Abstract

Class actions, originally developed in the United States, have recently spread internationally. Not every country that has emulated the US’s style of class actions has seen the class action tool being frequently used. Korea, one of the civil law countries that adopted a US-style class action in securities law more than 10 years ago, has a securities class action that serves as an excellent example of a legal transplant that is underutilized. Over the last 13 years since the Securities-Related Class Action Act (‘the SCAA’) was enacted in Korea in 2004, only 10 class action suits have been filed. Instead, securities damage suits in the form of non-class actions (‘securities damage suits’) are more frequently used in Korea.

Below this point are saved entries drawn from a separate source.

definition wr_form ::
  "nat \<Rightarrow> (nat \<times> 'm \<times> 'm \<Rightarrow> nat \<times> 'm \<times> 'm \<Rightarrow> nat \<times> 'm \<times> 'm \<Rightarrow> 'k::field) \<Rightarrow> nat list list \<Rightarrow>
   ('m list \<times> ((nat \<times> nat) \<Rightarrow> nat) list \<times> (nat \<Rightarrow> nat)) \<Rightarrow>
   ('m list \<times> ((nat \<times> nat) \<Rightarrow> nat) list \<times> (nat \<Rightarrow> nat)) \<Rightarrow> 'k" where
  "wr_form r sc \<nu>s = (\<lambda>(xs, ys, \<gamma>) (xs', ys', \<gamma>').
     (let \<mu> = map sum_list \<nu>s; n = sum_list \<mu> in
      (if \<gamma> = \<gamma>' then 1 else 0) *
      (\<Prod>i<r. specht_form (\<nu>s ! i) (ys ! i) (ys' ! i)) *
      (\<Prod>j<n. cell_form sc (block_of \<mu> j) (xs ! j) (xs' ! j))))"

end

theory Submission
  imports Defs
begin

text \<open>In the basis \<open>x \<otimes> y \<otimes> \<gamma>\<close> the Gram matrix of the cell form of \<open>\<Delta>^(\<nu>\<^sub>1,\<dots>,\<nu>\<^sub>r)\<close> is a
  Kronecker product: one factor is the Gram matrix of the cell form of \<open>\<Delta>(\<lambda>)\<close> for each
  position \<open>j \<le> n\<close>, where \<open>\<lambda>\<close> is the cell of the block containing \<open>j\<close>; one is the Gram matrix of
  the cell form of \<open>S^\<nu>\<^sub>i\<close> for each \<open>i\<close>; the last is the identity matrix on the coset
  representatives. A Kronecker product of Gram matrices on nonempty finite index sets is
  nondegenerate iff every factor is, and nonemptiness holds because the form is nonzero.
  The cells met by the positions are exactly the \<open>\<lambda>\<^sub>i\<close> with \<open>\<nu>\<^sub>i \<noteq> ()\<close>.\<close>

lemma nondegI:
  "(\<And>v s. \<forall>t\<in>I. (\<Sum>s\<in>I. v s * G s t) = 0 \<Longrightarrow> s \<in> I \<Longrightarrow> v s = 0) \<Longrightarrow> nondeg I G"
  unfolding nondeg_def by blast

lemma nondegD:
  "nondeg I G \<Longrightarrow> \<forall>t\<in>I. (\<Sum>s\<in>I. v s * G s t) = 0 \<Longrightarrow> s \<in> I \<Longrightarrow> v s = 0"
  unfolding nondeg_def by blast

lemma nondeg_cong:
  assumes "\<And>s t. s \<in> I \<Longrightarrow> t \<in> I \<Longrightarrow> G s t = G' s t"
  shows "nondeg I G \<longleftrightarrow> nondeg I G'"
  unfolding nondeg_def using assms by (simp cong: sum.cong)

lemma nondeg_reindex:
  assumes "inj_on f I"
  shows "nondeg (f ` I) G \<longleftrightarrow> nondeg I (\<lambda>s t. G (f s) (f t))"
proof
  assume nd: "nondeg (f ` I) G"
  show "nondeg I (\<lambda>s t. G (f s) (f t))"
  proof (rule nondegI)
    fix v s assume "\<forall>t\<in>I. (\<Sum>s\<in>I. v s * G (f s) (f t)) = 0" and "s \<in> I"
    then have "\<forall>t\<in>f ` I. (\<Sum>s\<in>f ` I. (v \<circ> inv_into I f) s * G s t) = 0"
      using assms by (auto simp: sum.reindex)
    then have "(v \<circ> inv_into I f) (f s) = 0" using nondegD[OF nd] \<open>s \<in> I\<close> by blast
    then show "v s = 0" using assms \<open>s \<in> I\<close> by simp
  qed
next
  assume nd: "nondeg I (\<lambda>s t. G (f s) (f t))"
  show "nondeg (f ` I) G"
  proof (rule nondegI)
    fix v s assume "\<forall>t\<in>f ` I. (\<Sum>s\<in>f ` I. v s * G s t) = 0" and "s \<in> f ` I"
    then have "\<forall>t\<in>I. (\<Sum>s\<in>I. (v \<circ> f) s * G (f s) (f t)) = 0"
      using assms by (auto simp: sum.reindex)
    then show "v s = 0" using nondegD[OF nd] \<open>s \<in> f ` I\<close> by fastforce
  qed
qed

lemma nondeg_Kronecker_delta:
  "finite I \<Longrightarrow> nondeg I (\<lambda>s t. if s = t then (1::'k::field) else 0)"
  unfolding nondeg_def by (simp add: if_distrib[where f="\<lambda>x. _ * x"] cong: if_cong)

definition tensor_form :: "('a \<Rightarrow> 'a \<Rightarrow> 'k::field) \<Rightarrow> ('b \<Rightarrow> 'b \<Rightarrow> 'k) \<Rightarrow> 'a \<times> 'b \<Rightarrow> 'a \<times> 'b \<Rightarrow> 'k"
  where "tensor_form GA GB = (\<lambda>(a, b) (a', b'). GA a a' * GB b b')"

lemma tensor_form_apply [simp]: "tensor_form GA GB (a, b) (a', b') = GA a a' * GB b b'"
  by (simp add: tensor_form_def)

In this article, I aim to fill the gap in the literature by empirically researching why the securities-related class action is seldom used in Korea, focusing on the perspective of the plaintiffs’ lawyers and considering securities damage suits as a substitute. To accomplish this, the study relies on a mixed-methods research approach: (1) interviews with plaintiffs’ lawyers and plaintiffs themselves and (2) a content analysis of court decisions on securities class action suits and securities damage suits. This research finds that risk-averse plaintiffs’ lawyers, facing large costs in bringing securities class action suits, consider bringing securities class actions only for cases that have a higher possibility of winning and enforcement. This research provides insights into the conditions for successful legal transplants to other countries considering a US-style class action as an option.